There was no sign of the ‘Blue Wave’ predicted by the pollsters and ballyhooed by the lamestream. This is the second (third?) national election in a row about which the polls have been drastically off the mark. And, of course, the leftwing lamestream media has already demonstrated itself to be an extremely unreliable source of news, relegating itself to serve the DNC as its propaganda trumpet. Fox News didn’t become the top news channel through only its own efforts; it has had a lot of help from the progressive journalist industry continuing to pander to the people and shooting itself in the foot over and over again.
The bottom line is that according to the prominent leftwing outlet The Atlantic, the pollsters blew it, which resulted in ‘The Polling Crisis Is a Catastrophe for American Democracy’. It correctly concludes that “If public-opinion data are unreliable, we’re all flying blind.” But the catastrophe is avoidable since we know its cause and how to avoid it. I explained all this in the excellent article – ‘Polling Phollies’ – that I wrote in September 2016 leading up to Trump’s unpredicted victory.
Polling has some very obvious and very subtle twists and turns to it. The reasons that give rise to bad results are mainly due to a few poll design factors that involve sample size, sampling method, the size/share of true population preferences, and the number of ‘bins’ into which the poll wants to estimate the population’s preferences. In the latter, you can have a poll that asks for preference among two or, say, three or more candidates.
(For those wanting more detailed and technical information on these factors and polling errors, you can go here and here for a good place to start.)
The punchline is that the reason for all the polling errors is almost always due to a too small sample size that yields huge error boundary overlaps, especially when the actual population ratios for two alternatives/candidates is in the 0.5 region. As explained and illustrated in my 2016 article referenced above, it is in that region where any given sample size experiences its largest error bounds that more often than not (like today between Trump and Biden) overlap significantly. (For example, a sample size of 1,000 is way too small for error bounds separation.) Such large overlaps also give rise to the back and forth changes of the lead as the vote count proceeds.

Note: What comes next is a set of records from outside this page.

lemma mdist_set_eq_0: "a \<in> A \<Longrightarrow> mdist_set X A a = 0"
  using mcshane_extension_on_set[OF A_sub A_ne zero_le_one, of "\<lambda>_. 0" 0 a]
  by (simp add: mdist_set_eq_mcshane_extension)

lemma mdist_set_lipschitz:
  "x \<in> mspace X \<Longrightarrow> y \<in> mspace X \<Longrightarrow> \<bar>mdist_set X A x - mdist_set X A y\<bar> \<le> mdist X x y"
  using mcshane_extension_lipschitz[OF A_sub A_ne zero_le_one, of "\<lambda>_. 0" 0 x y]
  by (simp add: mdist_set_eq_mcshane_extension)

end

section \<open>Extension into the half space\<close>

lemma lipschitz_imp_continuous_map_real:
  assumes "\<And>x y. x \<in> mspace X \<Longrightarrow> y \<in> mspace X \<Longrightarrow> \<bar>F x - F y\<bar> \<le> B * mdist X x y"
  shows "continuous_map (mtopology_of X) euclideanreal F"
proof -
  have "Lipschitz_continuous_map X euclidean_metric F"
    unfolding Lipschitz_continuous_map_def using assms by (auto simp: dist_real_def)
  then show ?thesis using Lipschitz_continuous_imp_continuous_map by fastforce
qed

lemma asymp_lipschitz_real_extension:
  assumes A: "closedin (mtopology_of X) A" "A \<noteq> {}"
    and f_cont: "continuous_map (subtopology (mtopology_of X) A) euclideanreal f"
    and L: "0 \<le> L" and s: "0 \<le> s"
    and f_bound: "\<And>a a'. a \<in> A \<Longrightarrow> a' \<in> A \<Longrightarrow> \<bar>f a - f a'\<bar> \<le> L * mdist X a a' + s"
  obtains E where "continuous_map (mtopology_of X) euclideanreal E" "\<And>a. a \<in> A \<Longrightarrow> E a = f a"
    "\<And>x y. x \<in> mspace X \<Longrightarrow> y \<in> mspace X \<Longrightarrow> \<bar>E x - E y\<bar> \<le> L * mdist X x y + s"
proof -
  have A_sub: "A \<subseteq> mspace X" using closedin_subset[OF A(1)] by simp
  have f_bound': "f a - f a' \<le> L * mdist X a a' + s" if "a \<in> A" "a' \<in> A" for a a'
    using f_bound[OF that] by linarith
  define F where "F = mcshane_extension X A f L"
  have F_lip: "\<bar>F x - F y\<bar> \<le> L * mdist X x y" if "x \<in> mspace X" "y \<in> mspace X" for x y
    unfolding F_def using mcshane_extension_lipschitz[OF A_sub A(2) L f_bound' that] .
  have F_cont: "continuous_map (mtopology_of X) euclideanreal F"
    using F_lip by (rule lipschitz_imp_continuous_map_real)
  have defect_cont: "continuous_map (subtopology (mtopology_of X) A) euclideanreal (\<lambda>x. f x - F x)"
    by (intro continuous_map_diff f_cont continuous_map_from_subtopology F_cont)
  have defect_range: "(\<lambda>x. f x - F x) ` A \<subseteq> {0..s}"
    using mcshane_extension_on_set[OF A_sub A(2) L f_bound'] by (force simp: F_def)
  have "normal_space (mtopology_of X)"
    by (simp add: Metric_space.normal_space_mtopology mtopology_of_def)
  then obtain G where G: "continuous_map (mtopology_of X) euclideanreal G"
      "\<And>x. x \<in> A \<Longrightarrow> G x = f x - F x" "G ` topspace (mtopology_of X) \<subseteq> {0..s}"
    using Tietze_extension_closed_real_interval[OF _ A(1) defect_cont defect_range s] by blast
  show ?thesis
  proof
    show "continuous_map (mtopology_of X) euclideanreal (\<lambda>x. F x + G x)"
      by (intro continuous_map_add F_cont G(1))
    show "F a + G a = f a" if "a \<in> A" for a
      using G(2)[OF that] by simp
    show "\<bar>F x + G x - (F y + G y)\<bar> \<le> L * mdist X x y + s"
      if "x \<in> mspace X" "y \<in> mspace X" for x y
    proof -
      have "G x \<in> {0..s}" "G y \<in> {0..s}" using G(3) that by auto
      then show ?thesis using F_lip[OF that] by (auto simp: abs_le_iff)
    qed
  qed
qed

So before we get all worked up about voter fraud, it’s prudent to look at other viable causes for what looks like someone is monkeying with the count as the hours pass while pundits are trying to make their points from ‘I told you so’ to exquisite CYA explanations for piss-poor prognostications (more here)
Finally, I’m more than disappointed that no one has presented in easy to understand graphic form (again my 2016 report) the reasons for all the polling follies, and what’s required to eliminate them. The bottom line is that the pollsters must get their technical act together, explain the accessible particulars to their audiences, and work hard now to regain their credibility with the public.